- Date: 9–15 August
- Category: ATP Challenger Tour
- Draw: 32S / 16D
- Surface: Clay
- Location: Prague, Czech Republic
- Venue: TK Sparta Prague

Champions

Singles
- Dalibor Svrčina

Doubles
- Jonáš Forejtek / Michael Vrbenský
- ← 2016 · Sparta Prague Open Challenger · 2022 →

= 2021 TK Sparta Prague Open =

The 2021 TK Sparta Prague Open was a professional tennis tournament played on clay courts. It was part of the 2021 ATP Challenger Tour. It took place in Prague, Czech Republic between 9 and 15 August 2021.

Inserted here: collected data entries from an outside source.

lemma perturbed_grid_abs_le:
  fixes h w :: real
  assumes "\<bar>u - (real k - real L) * h\<bar> \<le> w * h" "h > 0" "w \<ge> 0"
  shows "\<bar>u\<bar> \<le> (1 + w) * h * centre_dist L k"
proof (cases "k = L")
  case True
  then show ?thesis using assms by (simp add: centre_dist_def algebra_simps)
next
  case False
  then have "1 \<le> \<bar>real k - real L\<bar>" by linarith
  then have "w * h \<le> w * h * \<bar>real k - real L\<bar>"
    using assms(2,3) mult_left_mono[of 1 "\<bar>real k - real L\<bar>" "w * h"] by simp
  moreover have "\<bar>(real k - real L) * h\<bar> = \<bar>real k - real L\<bar> * h" using assms(2) by (simp add: abs_mult)
  ultimately show ?thesis using False assms(1) by (simp add: centre_dist_def algebra_simps)
qed

lemma lagrange_factor_perturbed_grid_le:
  fixes h w c :: real
  assumes near_j: "\<bar>u - (real j - real L) * h\<bar> \<le> w * h"
    and near_k: "\<bar>v - (real k - real L) * h\<bar> \<le> w * h"
    and "j \<noteq> k" "h > 0" "0 \<le> w" "w < 1/2" "c > 0"
    and chord: "c * \<bar>u - v\<bar> \<le> cmod (cis u - cis v)"
  shows "cmod ((1 - cis v) / (cis u - cis v))
           \<le> (1 + w) / (c * (1 - 2*w)) * (centre_dist L k / \<bar>real j - real k\<bar>)"
proof -
  have num: "cmod (1 - cis v) \<le> (1 + w) * h * centre_dist L k"
    using norm_cis_diff_le[of 0 v] perturbed_grid_abs_le[OF near_k \<open>h > 0\<close> \<open>0 \<le> w\<close>] by simp
  have den_pos: "0 < c * (1 - 2*w) * \<bar>real j - real k\<bar> * h"
    using assms(3-7) by simp
  have "c * ((1 - 2*w) * \<bar>real j - real k\<bar> * h) \<le> c * \<bar>u - v\<bar>"
    using perturbed_grid_separation[OF near_j near_k assms(3-5)] \<open>c > 0\<close> by simp
  then have den: "c * (1 - 2*w) * \<bar>real j - real k\<bar> * h \<le> cmod (cis u - cis v)"
    using chord by (simp add: mult.assoc)
  have "cmod ((1 - cis v) / (cis u - cis v)) = cmod (1 - cis v) / cmod (cis u - cis v)"
    by (simp add: norm_divide)
  also have "\<dots> \<le> ((1 + w) * h * centre_dist L k) / (c * (1 - 2*w) * \<bar>real j - real k\<bar> * h)"
    using num den den_pos \<open>h > 0\<close> \<open>0 \<le> w\<close> centre_dist_ge_1[of L k] by (intro frac_le) auto
  also have "\<dots> = (h * ((1 + w) * centre_dist L k)) / (h * (c * (1 - 2*w) * \<bar>real j - real k\<bar>))"
    by (simp add: ac_simps)
  also have "\<dots> = (1 + w) / (c * (1 - 2*w)) * (centre_dist L k / \<bar>real j - real k\<bar>)"
    using \<open>h > 0\<close> by (subst mult_divide_mult_cancel_left) auto
  finally show ?thesis .
qed

lemma norm_lagrange_basis_perturbed_grid_le:
  fixes y :: "nat \<Rightarrow> real" and h w c :: real
  assumes S: "S \<subseteq> {0..2*L}" and "j \<in> S"
    and "h > 0" "0 \<le> w" "w < 1/2" "0 < c" "c \<le> 1"
    and near: "\<And>k. k \<in> S \<Longrightarrow> \<bar>y k - (real k - real L) * h\<bar> \<le> w * h"
    and chord: "\<And>j k. j \<in> S \<Longrightarrow> k \<in> S \<Longrightarrow> c * \<bar>y j - y k\<bar> \<le> cmod (cis (y j) - cis (y k))"
  defines "m \<equiv> card ({0..2*L} - S)"
  shows "cmod (\<Prod>k\<in>S-{j}. (1 - cis (y k)) / (cis (y j) - cis (y k)))
           \<le> ((1 + w) / (c * (1 - 2*w)))^(2*L) * ((6 * real L)^m / fact m)"
proof -
  define \<beta> where "\<beta> = (1 + w) / (c * (1 - 2*w))"
  have "c * (1 - 2*w) \<le> 1 + w" using assms(4-7) mult_mono[of c 1 "1 - 2*w" 1] by simp
  then have "\<beta> \<ge> 1" unfolding \<beta>_def using assms(4-6) by simp
  have "cmod (\<Prod>k\<in>S-{j}. (1 - cis (y k)) / (cis (y j) - cis (y k)))
      = (\<Prod>k\<in>S-{j}. cmod ((1 - cis (y k)) / (cis (y j) - cis (y k))))"
    by (rule prod_norm[symmetric])
  also have "\<dots> \<le> (\<Prod>k\<in>S-{j}. \<beta> * (centre_dist L k / \<bar>real j - real k\<bar>))"
    using lagrange_factor_perturbed_grid_le[OF near[OF \<open>j \<in> S\<close>] near _ assms(3-6) chord[OF \<open>j \<in> S\<close>]]
    unfolding \<beta>_def by (intro prod_mono) auto
  also have "\<dots> = \<beta> ^ card (S - {j}) * (\<Prod>k\<in>S-{j}. centre_dist L k / \<bar>real j - real k\<bar>)"
    by (simp only: prod.distrib prod_constant)
  also have "\<dots> \<le> \<beta> ^ (2*L) * ((6 * real L)^m / fact m)"
    unfolding m_def
  proof (intro mult_mono power_increasing prod_centre_dist_div_le[OF S \<open>j \<in> S\<close>])
    have "card S \<le> 2*L + 1" using card_mono[OF _ S] by simp
    then show "card (S - {j}) \<le> 2 * L" using S \<open>j \<in> S\<close> finite_subset by fastforce
    show "0 \<le> (\<Prod>k\<in>S-{j}. centre_dist L k / \<bar>real j - real k\<bar>)"
      by (intro prod_nonneg) (auto intro: order_trans[OF _ centre_dist_ge_1])
  qed (use \<open>\<beta> \<ge> 1\<close> in auto)
  finally show ?thesis unfolding \<beta>_def .
qed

== Singles main-draw entrants ==
=== Seeds ===

| Country | Player | Rank^{1} | Seed |
|---|---|---|---|
| SRB | Nikola Milojević | 161 | 1 |
| KAZ | Dmitry Popko | 183 | 2 |
| ITA | Lorenzo Giustino | 234 | 3 |
| ARG | Facundo Mena | 254 | 4 |
| CHI | Nicolás Jarry | 263 | 5 |
| ITA | Riccardo Bonadio | 271 | 6 |
| ESP | Adrián Menéndez Maceiras | 287 | 7 |
| CZE | Michael Vrbenský | 288 | 8 |

- ^{1} Rankings as of 2 August 2021.

=== Other entrants ===
The following players received wildcards into the singles main draw:
- USA Toby Kodat
- CZE Martin Krumich
- CZE Dalibor Svrčina

The following player received entry into the singles main draw using a protected ranking:
- AUT Gerald Melzer

The following players received entry from the qualifying draw:
- ITA Franco Agamenone
- BUL Adrian Andreev
- FRA Geoffrey Blancaneaux
- USA Emilio Nava

== Champions ==
=== Singles ===

- CZE Dalibor Svrčina def. KAZ Dmitry Popko 6–0, 7–5.

=== Doubles ===

- CZE Jonáš Forejtek / CZE Michael Vrbenský def. RUS Evgeny Karlovskiy / RUS Evgenii Tiurnev 6–1, 6–4.